Back in the day, when I was at the law school, I had the opportunity to study Labor Law — union/management relations —  with Reynolds Seitz. It was the only “employment law” course in the curriculum at Marquette, and Marquette was quite typical of all law schools. I enjoyed the course very much and so, after my clerkship with Tom Fairchild, I became a management-side labor lawyer until I decided to move into law school teaching. The Dean at my first teaching post told me I would be teaching Torts and Labor Law, but that I had to make up two more courses.  So, I did.  One of them was a new course in Employment Discrimination Law. The area was relatively new, and I had been doing an increasing amount of it in practice. I saw it as interesting, important, and the wave of the future of employment law. I was shocked, however, to discover that at that time less than a handful of law schools had an Employment Discrimination course and that there were no published teaching materials. I had to assemble materials and have them copied and distributed to the students. It was a major effort, and I am glad that, as far as I know, no copies of my original efforts survived to embarrass me.  That challenge, however, became an opportunity. Employment discrimination law became a major focus of my scholarship, and I got several talented colleagues to work with me on several projects. First, we did a treatise, and then we got a contract from what was then Little Brown & Co. to do a casebook. Now published under the Aspen name, but still with the familiar red binding with black print, we are still at it. Our seventh edition was published last year, and we will be doing a supplement this summer. It is still an area that fascinates me and the law continues to struggle to achieve its primary goals of ending and remedying discrimination.
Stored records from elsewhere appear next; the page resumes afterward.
abbreviation sample :: "('a \<times> real \<times> real) measure" where
  "sample \<equiv> Mx \<Otimes>\<^sub>M (Me \<Otimes>\<^sub>M Mb)"

lemma prob_space_noise: "prob_space (Me \<Otimes>\<^sub>M Mb)"
  using prob_space_Me prob_space_Mb by (rule prob_space_pair)

sublocale sample: prob_space sample
  using prob_space_Mx prob_space_noise by (rule prob_space_pair)

lemma borel_measurable_id [measurable]:
  "(\<lambda>x. x) \<in> borel_measurable Mx" "(\<lambda>e. e) \<in> borel_measurable Me" "(\<lambda>b. b) \<in> borel_measurable Mb"
  by (simp_all add: measurable_cong_sets[OF sets_Mx refl] measurable_cong_sets[OF sets_Me refl]
      measurable_cong_sets[OF sets_Mb refl])

lemma AE_abs_inner_le: "AE x in Mx. \<bar>inner u x\<bar> \<le> norm u"
  using norm_x_le
proof eventually_elim
  case (elim x)
  then show ?case
    using Cauchy_Schwarz_ineq2[of u x] by (meson mult_left_le norm_ge_zero order_trans)
qed

lemma AE_inner_sq_le: "AE x in Mx. (inner u x)\<^sup>2 \<le> (norm u)\<^sup>2"
  using AE_abs_inner_le[of u] by eventually_elim (metis abs_ge_zero power2_abs power_mono)

lemma integrable_inner_sq: "integrable Mx (\<lambda>x. (inner u x)\<^sup>2)"
  using AE_inner_sq_le[of u]
  by (intro Mx.integrable_const_bound[where B = "(norm u)\<^sup>2"]) auto

lemma cov_form_nonneg: "0 \<le> cov_form Mx u"
  unfolding cov_form_def by (simp add: integral_nonneg_AE)

lemma cov_form_le: "cov_form Mx u \<le> (norm u)\<^sup>2"
  unfolding cov_form_def using AE_inner_sq_le[of u]
  by (intro Mx.integral_le_const integrable_inner_sq) auto

lemma cov_form_avg_le:
  assumes "0 < T"
  shows "cov_form Mx ((1 / real T) *\<^sub>R (\<Sum>t<T. u t)) \<le> (1 / real T) * (\<Sum>t<T. cov_form Mx (u t))"
proof -
  have "(inner ((1 / real T) *\<^sub>R (\<Sum>t<T. u t)) x)\<^sup>2 \<le> (1 / real T) * (\<Sum>t<T. (inner (u t) x)\<^sup>2)" for x
  proof -
    have "(inner ((1 / real T) *\<^sub>R (\<Sum>t<T. u t)) x)\<^sup>2 = (\<Sum>t<T. inner (u t) x)\<^sup>2 / (real T)\<^sup>2"
      by (simp add: inner_sum_left power_divide)
    also have "\<dots> \<le> (real T * (\<Sum>t<T. (inner (u t) x)\<^sup>2)) / (real T)\<^sup>2"
      using sum_squared_le_sum_of_squares[of "\<lambda>t. inner (u t) x" "{..<T}"]
      by (intro divide_right_mono) (simp_all add: mult.commute)
    also have "\<dots> = (1 / real T) * (\<Sum>t<T. (inner (u t) x)\<^sup>2)"
      using assms by (simp add: power2_eq_square)
    finally show ?thesis .
  qed
  then have "cov_form Mx ((1 / real T) *\<^sub>R (\<Sum>t<T. u t))
               \<le> (\<integral>x. (1 / real T) * (\<Sum>t<T. (inner (u t) x)\<^sup>2) \<partial>Mx)"
    unfolding cov_form_def
    by (intro integral_mono integrable_inner_sq Bochner_Integration.integrable_mult_right
        Bochner_Integration.integrable_sum)
  also have "\<dots> = (1 / real T) * (\<Sum>t<T. cov_form Mx (u t))"
    by (simp add: cov_form_def Bochner_Integration.integral_sum[OF integrable_inner_sq])
  finally show ?thesis .
qed
lemma sum_inverse_square_le:
  fixes g :: "'a \<Rightarrow> nat" and f :: "'a \<Rightarrow> real"
  assumes "finite I" "inj_on g I" "d > 0" "\<And>n. n \<in> I \<Longrightarrow> real (g n) + d \<le> f n"
  shows "(\<Sum>n\<in>I. 1 / (f n)\<^sup>2) \<le> 1 / d\<^sup>2 + 2"
proof -
  obtain N where "g ` I \<subseteq> {..<N}"
    using assms(1) finite_nat_set_iff_bounded by (metis finite_imageI lessThan_iff subsetI)
  have "(\<Sum>n\<in>I. 1 / (f n)\<^sup>2) \<le> (\<Sum>n\<in>I. 1 / (real (g n) + d)\<^sup>2)"
    using assms(3,4) by (intro sum_mono inverse_square_antimono) (auto intro: add_nonneg_pos)
  also have "\<dots> = (\<Sum>j\<in>g ` I. 1 / (real j + d)\<^sup>2)"
    using assms(2) by (simp add: sum.reindex)
  also have "\<dots> \<le> (\<Sum>j<N. 1 / (real j + d)\<^sup>2)"
    using \<open>g ` I \<subseteq> {..<N}\<close> by (intro sum_mono2) auto
  also have "\<dots> \<le> 1 / d\<^sup>2 + 2"
    using assms(3) by (rule sum_inverse_square_lessThan_le)
  finally show ?thesis .
qed

lemma inverse_square_bound_arith:
  fixes u l T :: real
  assumes "1 \<le> 16 * u" "1 \<le> l" "0 \<le> T"
  shows "8 * T + 24 * l * T * (u + 2) \<le> 920 * l * T * u"
proof -
  have "l * T \<le> 16 * (l * T * u)"
    using mult_left_mono[OF assms(1), of "l * T"] assms by (simp add: ac_simps)
  moreover have "T \<le> l * T"
    using assms mult_right_mono[of 1 l T] by simp
  ultimately show ?thesis
    by (simp add: algebra_simps)
qed

section \<open>The sum \<open>B*\<close>\<close>

locale Bstar_hypotheses =
  fixes \<alpha> :: real and k M :: nat and x c :: real
  assumes irrational: "\<alpha> \<notin> \<rat>"
    and k_ge_1: "k \<ge> 1"
    and M_less: "int M < cf_q \<alpha> k"
    and x_gt: "-2 < x"
    and x_le: "x \<le> 2 - of_int (cf_q \<alpha> k) * dist_int (of_int (cf_q \<alpha> k) * \<alpha>) / (1 - c)"
    and c_pos: "0 < c"
    and c_less_1: "c < 1"
begin

abbreviation "Q \<equiv> cf_q \<alpha> k"
abbreviation "P \<equiv> cf_p \<alpha> k"
abbreviation "q \<equiv> real_of_int Q"
abbreviation "e \<equiv> dist_int (q * \<alpha>)"
abbreviation "I \<equiv> idx_set \<alpha> k M"

definition res :: "nat \<Rightarrow> int" where
  "res n = ((-1) ^ k * P * int n) mod Q"

definition quo :: "nat \<Rightarrow> int" where
  "quo n = ((-1) ^ k * P * int n) div Q"

definition ang :: "nat \<Rightarrow> real" where
  "ang n = pi * (of_int (res n) + x) / q"

definition step :: "nat \<Rightarrow> real" where
  "step n = pi * real n * e / q"

lemma q_ge_1: "q \<ge> 1"
  using cf_q_pos[OF irrational] by simp

lemma e_pos: "e > 0"
  using k_ge_1 dist_int_cf_q_pos[OF irrational, of "k - 1"] by (cases k) auto

lemma cf_q_mul_sub: "q * \<alpha> - of_int P = (-1) ^ k * e"
  using k_ge_1 cf_q_mul_sub_cf_p[OF irrational, of "k - 1"] by (cases k) auto

lemma e_mult_cf_a_le: "e * q * of_int (cf_a \<alpha> (k + 1)) \<le> 1"
  using k_ge_1 dist_int_cf_q_mult_cf_a_le[OF irrational, of "k - 1"] by (cases k) auto

lemma x_lt_2: "x < 2"
proof -
  have "q * e / (1 - c) > 0"
    using q_ge_1 e_pos c_less_1 by simp
  then show ?thesis
    using x_le by simp
qed

lemma cf_q_pred_bounds: "1 \<le> cf_q \<alpha> (k - 1)" "cf_q \<alpha> (k - 1) \<le> Q"
  using k_ge_1 cf_q_pos[OF irrational] cf_q_le_Suc[OF irrational, of "k - 1"] by (cases k; simp)+

lemma sign_cf_p_inverse: "Q dvd (-1) ^ k * P * cf_q \<alpha> (k - 1) + 1"
proof -
  obtain j where k: "k = Suc j"
    using k_ge_1 by (cases k) auto
  have det: "P * cf_q \<alpha> j = (-1) ^ j + cf_p \<alpha> j * Q"
    using cf_det[of \<alpha> j] k by simp
  have "(-1) ^ k * P * cf_q \<alpha> j = (-1) ^ k * (P * cf_q \<alpha> j)"
    by (simp only: mult.assoc)
  also have "\<dots> = (-1) ^ Suc j * (-1) ^ j + Q * ((-1) ^ k * cf_p \<alpha> j)"
    unfolding det by (simp add: k algebra_simps)
  also have "(-1) ^ Suc j * (-1) ^ j = (-1 :: int)"
    by (simp flip: power_mult_distrib)
  finally have "(-1) ^ k * P * cf_q \<alpha> (k - 1) + 1 = Q * ((-1) ^ k * cf_p \<alpha> j)"
    using k by simp
  then show ?thesis
    by (metis dvd_triv_left)
qed

lemma idx_set_bounds:
  assumes "n \<in> I"
  shows "1 \<le> int n" "int n < Q" "int n \<noteq> cf_q \<alpha> (k - 1)" "int n \<noteq> Q - cf_q \<alpha> (k - 1)"
  using assms M_less unfolding idx_set_def by auto

lemma res_bounds: "n \<in> I \<Longrightarrow> 2 \<le> res n \<and> res n \<le> Q - 2"
  unfolding res_def using idx_set_bounds cf_q_pred_bounds
  by (intro mod_mult_inverse_bounds[OF sign_cf_p_inverse]) auto

lemma inj_on_res: "inj_on res I"
proof (rule inj_onI)
  fix n n' assume "n \<in> I" "n' \<in> I" "res n = res n'"
  then have "int n = int n'"
    using inj_on_mod_mult_inverse[OF sign_cf_p_inverse] idx_set_bounds
    unfolding res_def by (auto dest: inj_onD)
  then show "n = n'"
    by simp
qed

lemma sign_cf_p_mult_eq: "(-1) ^ k * of_int P * real n = of_int (res n) + q * of_int (quo n)"
proof -
  have "(-1) ^ k * P * int n = Q * quo n + res n"
    unfolding res_def quo_def by simp
  then have "real_of_int ((-1) ^ k * P * int n) = real_of_int (Q * quo n + res n)"
    by (rule arg_cong)
  then show ?thesis
    by simp
qed

lemma angle_shift_eq:
  "pi * (of_int (res n) + q * of_int (quo n) + y) / q = pi * (of_int (res n) + y) / q + of_int (quo n) * pi"
  using q_ge_1 by (simp add: field_simps)

lemma angle_cot_eq: "pi * (real n * (-1) ^ k * of_int P + x) / q = ang n + of_int (quo n) * pi"
proof -
  have "real n * (-1) ^ k * of_int P = of_int (res n) + q * of_int (quo n)"
    using sign_cf_p_mult_eq[of n] by (simp add: ac_simps)
  then show ?thesis
    unfolding ang_def by (simp add: angle_shift_eq)
qed

lemma angle_alpha_eq:
  "pi * (real n * \<alpha> + (-1) ^ k * x / q) = (-1) ^ k * (ang n + step n + of_int (quo n) * pi)"
proof -
  \<comment> \<open>\<open>e\<close> mentions \<open>\<alpha>\<close>; naming it keeps the substitution for \<open>\<alpha>\<close> from looping.\<close>
  define \<epsilon> where "\<epsilon> = e"
  have alpha: "\<alpha> = (of_int P + (-1) ^ k * \<epsilon>) / q"
    using cf_q_mul_sub q_ge_1 unfolding \<epsilon>_def[symmetric] by (simp add: field_simps)
  have "pi * (real n * \<alpha> + (-1) ^ k * x / q)
      = (-1) ^ k * (pi * ((-1) ^ k * of_int P * real n + real n * \<epsilon> + x) / q)"
    by (subst alpha) (use q_ge_1 in \<open>cases "even k"; simp add: field_simps\<close>)
  also have "\<dots> = (-1) ^ k * (ang n + step n + of_int (quo n) * pi)"
    unfolding sign_cf_p_mult_eq ang_def step_def \<epsilon>_def using q_ge_1 by (simp add: field_simps)
  finally show ?thesis .
qed

lemma angle_convergent_eq:
  "pi * (real n * (of_int P / q) + (-1) ^ k * x / q) = (-1) ^ k * (ang n + of_int (quo n) * pi)"
proof -
  have "pi * (real n * (of_int P / q) + (-1) ^ k * x / q)
      = (-1) ^ k * (pi * ((-1) ^ k * of_int P * real n + x) / q)"
    using q_ge_1 by (cases "even k") (simp_all add: field_simps)
  then show ?thesis
    unfolding sign_cf_p_mult_eq ang_def by (simp add: angle_shift_eq)
qed

lemma ang_pos: "n \<in> I \<Longrightarrow> 0 < ang n"
  using res_bounds[of n] x_gt q_ge_1 unfolding ang_def by simp

lemma pi_sub_ang_eq: "pi - ang n = pi * (q - of_int (res n) - x) / q"
  using q_ge_1 unfolding ang_def by (simp add: field_simps)

lemma step_nonneg: "0 \<le> step n"
  using e_pos q_ge_1 unfolding step_def by simp

lemma step_le: "n \<in> I \<Longrightarrow> step n \<le> (1 - c) * (pi - ang n)"
proof -
  assume n: "n \<in> I"
  have "real n * e \<le> q * e"
    using idx_set_bounds(2)[OF n] e_pos by (simp add: mult_right_mono)
  also have "\<dots> \<le> (1 - c) * (2 - x)"
    using x_le c_less_1 by (simp add: field_simps)
  also have "\<dots> \<le> (1 - c) * (q - of_int (res n) - x)"
    using res_bounds[OF n] c_less_1 by (intro mult_left_mono) auto
  finally have "pi * (real n * e) / q \<le> pi * ((1 - c) * (q - of_int (res n) - x)) / q"
    using q_ge_1 by (intro divide_right_mono mult_left_mono) auto
  then show ?thesis
    unfolding step_def pi_sub_ang_eq by (simp add: algebra_simps)
qed
lemma force_steps_join_restrict:
  assumes no_iso: "no_isolated_vertices A"
    and steps: "(force_step skew (graph_join A B))\<^sup>*\<^sup>* X Y" and blue: "verts B \<subseteq> X"
  shows "(force_step skew A)\<^sup>*\<^sup>* (X \<inter> verts A) (Y \<inter> verts A)"
  using steps
proof (induction rule: rtranclp_induct)
  case (step Y Y')
  have "verts B \<subseteq> Y"
    using blue force_steps_subset[OF step.hyps(1)] by blast
  with step.hyps(2) have "force_step skew A (Y \<inter> verts A) (Y' \<inter> verts A)"
    by (rule force_step_join_restrict[OF no_iso])
  with step.IH show ?case
    by (rule rtranclp.rtrancl_into_rtrancl)
qed simp

lemma forcing_set_join_extend:
  "forcing_set skew A S \<Longrightarrow> forcing_set skew (graph_join A B) (S \<union> verts B)"
  using force_steps_join_extend by (auto simp: forcing_set_def verts_graph_join)

lemma forcing_set_join_restrict:
  assumes "no_isolated_vertices A" and "forcing_set skew (graph_join A B) S" and "verts B \<subseteq> S"
  shows "forcing_set skew A (S \<inter> verts A)"
  using force_steps_join_restrict[OF assms(1) _ assms(3), of skew "verts (graph_join A B)"] assms(2)
  by (auto simp: forcing_set_def verts_graph_join)

lemma forcing_number_join_le:
  "forcing_number skew (graph_join A B) \<le> forcing_number skew A + card (verts B)"
proof -
  obtain S where S: "forcing_set skew A S" "card S = forcing_number skew A"
    by (rule forcing_number_obtain)
  have "S \<subseteq> verts A"
    using S(1) by (simp add: forcing_set_def)
  then have "card (S \<union> verts B) = card S + card (verts B)"
    using disjoint finite_A finite_B by (intro card_Un_disjoint) (auto intro: finite_subset)
  then show ?thesis
    using forcing_number_le[OF forcing_set_join_extend[OF S(1)]] S(2) by simp
qed

lemma join_forcing_set_card_ge_if_blue:
  assumes "no_isolated_vertices A" and "forcing_set skew (graph_join A B) S" and "verts B \<subseteq> S"
  shows "forcing_number skew A + card (verts B) \<le> card S"
proof -
  have "card S = card (S \<inter> verts A) + card (verts B)"
    using card_split_verts[of S] assms(2,3) by (auto simp: forcing_set_def verts_graph_join Int_absorb1)
  then show ?thesis
    using forcing_number_le[OF forcing_set_join_restrict[OF assms]] by simp
qed

text \<open>If the first force of \<open>S\<close> is performed by a vertex \<open>u\<close> of \<open>A\<close> while part of \<open>B\<close> is
  white, then \<open>u\<close> sees all of its \<open>A\<close>-neighbours blue and exactly one white vertex \<open>w\<close> of \<open>B\<close>.
  Hence \<open>S \<union> {w}\<close> contains \<open>B\<close>, and in \<open>A\<close> one blue neighbour of \<open>u\<close> may be dropped from \<open>S\<close>.\<close>

lemma join_forcing_set_card_ge_if_first_force:
  assumes no_iso: "no_isolated_vertices A" and S: "forcing_set skew (graph_join A B) S"
    and white: "\<not> verts B \<subseteq> S" and uA: "u \<in> verts A"
    and u: "u \<in> (if skew then verts (graph_join A B) else S)"
    and w: "nbhd (graph_join A B) u - S = {w}"
    and rest: "(force_step skew (graph_join A B))\<^sup>*\<^sup>* (insert w S) (verts (graph_join A B))"
  shows "forcing_number skew A + card (verts B) \<le> card S"
proof -
  have wB: "verts B - S = {w}"
    using w white by (auto simp: nbhd_graph_join_left[OF uA])
  then have nbhd_blue: "nbhd A u \<subseteq> S \<inter> verts A"
    using w disjoint nbhd_subset_verts[of A u] by (auto simp: nbhd_graph_join_left[OF uA])
  have "forcing_set skew (graph_join A B) (insert w S)"
    using S rest wB by (auto simp: forcing_set_def verts_graph_join)
  moreover have "insert w S \<inter> verts A = S \<inter> verts A"
    using wB disjoint by blast
  ultimately have SA: "forcing_set skew A (S \<inter> verts A)"
    using forcing_set_join_restrict[OF no_iso, of skew "insert w S"] wB by auto
  obtain v where v: "v \<in> nbhd A u"
    using no_iso uA by (auto simp: no_isolated_vertices_def)
  have "u \<in> (if skew then verts A else S \<inter> verts A)"
    using u uA by auto
  then have "forcing_set skew A (S \<inter> verts A - {v})"
    using forcing_set_remove_neighbour[OF simple_A SA _ nbhd_blue v] by blast
  then have "forcing_number skew A + 1 \<le> card (S \<inter> verts A)"
    using forcing_number_le v nbhd_blue finite_A card_Diff1_less[of "S \<inter> verts A" v] by fastforce
  moreover have "S \<inter> verts B = verts B - {w}" and "w \<in> verts B"
    using wB by auto
  then have "card (S \<inter> verts B) + 1 = card (verts B)"
    using finite_B card_Suc_Diff1 by fastforce
  moreover have "card S = card (S \<inter> verts A) + card (S \<inter> verts B)"
    using card_split_verts[of S] S by (simp add: forcing_set_def verts_graph_join)
  ultimately show ?thesis
    by linarith
qed

lemma join_forcing_set_card_ge:
  assumes "no_isolated_vertices A" and "no_isolated_vertices B"
    and S: "forcing_set skew (graph_join A B) S"
  shows "min (forcing_number skew A + card (verts B)) (forcing_number skew B + card (verts A)) \<le> card S"
proof -
  interpret swapped: disjoint_simple_graphs B A by (rule swap)
  show ?thesis
  proof (cases "verts B \<subseteq> S \<or> verts A \<subseteq> S")
    case True
    show ?thesis
      using True join_forcing_set_card_ge_if_blue[OF assms(1) S]
        swapped.join_forcing_set_card_ge_if_blue[OF assms(2), unfolded graph_join_commute[of B A]] S
      by fastforce
  next
    case False
    let ?J = "graph_join A B"
    have "S \<noteq> verts ?J"
      using False by (auto simp: verts_graph_join)
    then obtain S' where "force_step skew ?J S S'" and rest: "(force_step skew ?J)\<^sup>*\<^sup>* S' (verts ?J)"
      using S by (auto simp: forcing_set_def elim: converse_rtranclpE)
    then obtain u w where u: "u \<in> (if skew then verts ?J else S)" and w: "nbhd ?J u - S = {w}"
      and S': "S' = insert w S"
      by (auto elim: force_stepE)
    have "u \<in> verts A \<or> u \<in> verts B"
      using forced_vertexD(2)[OF simple_graph_join w] by (simp add: verts_graph_join)
    then show ?thesis
    proof
      assume "u \<in> verts A"
      then show ?thesis
        using join_forcing_set_card_ge_if_first_force[OF assms(1) S _ _ u w] False rest S' by fastforce
    next
      assume "u \<in> verts B"
      then show ?thesis
        using swapped.join_forcing_set_card_ge_if_first_force[OF assms(2), of skew S u w,
            unfolded graph_join_commute[of B A]] S False u w rest S' by fastforce
    qed
  qed
qed

lemma forcing_number_join:
  assumes "no_isolated_vertices A" and "no_isolated_vertices B"
  shows "forcing_number skew (graph_join A B) =
    min (forcing_number skew A + card (verts B)) (forcing_number skew B + card (verts A))"
proof (rule antisym)
  interpret swapped: disjoint_simple_graphs B A by (rule swap)
  show "forcing_number skew (graph_join A B) \<le>
      min (forcing_number skew A + card (verts B)) (forcing_number skew B + card (verts A))"
    using forcing_number_join_le[of skew]
      swapped.forcing_number_join_le[of skew, unfolded graph_join_commute[of B A]] by simp
  obtain S where "forcing_set skew (graph_join A B) S" and "card S = forcing_number skew (graph_join A B)"
    by (rule forcing_number_obtain)
  then show "min (forcing_number skew A + card (verts B)) (forcing_number skew B + card (verts A)) \<le>
      forcing_number skew (graph_join A B)"
    using join_forcing_set_card_ge[OF assms] by metis
qed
Across all law schools, more students now take Employment Discrimination than any other employment or labor law course. Channeling the union movement, Labor Law is now at risk of being dropped from the curriculum at many schools. Some of us console ourselves by claiming it is now a course in the history of labor law. This coming fall I will be teaching Labor Law at Loyola Chicago, where it has not been taught by a member of the regular faculty in the memory of living humankind. My plan is to try to combine both private and public unionization into one course, though I am not sure if I can pull that off. But combining the two areas reflects the strength that unions retain in the public sector that they lack in the private sector. Labor law will be, for the first time in a long time, in the news as a major political issue. Congress will consider amending the National Labor Relations Act with the Employee Free Choice Act. If enacted, that will allow a union to gain legal recognition by proof that it represents the majority of workers through signed authorization cards.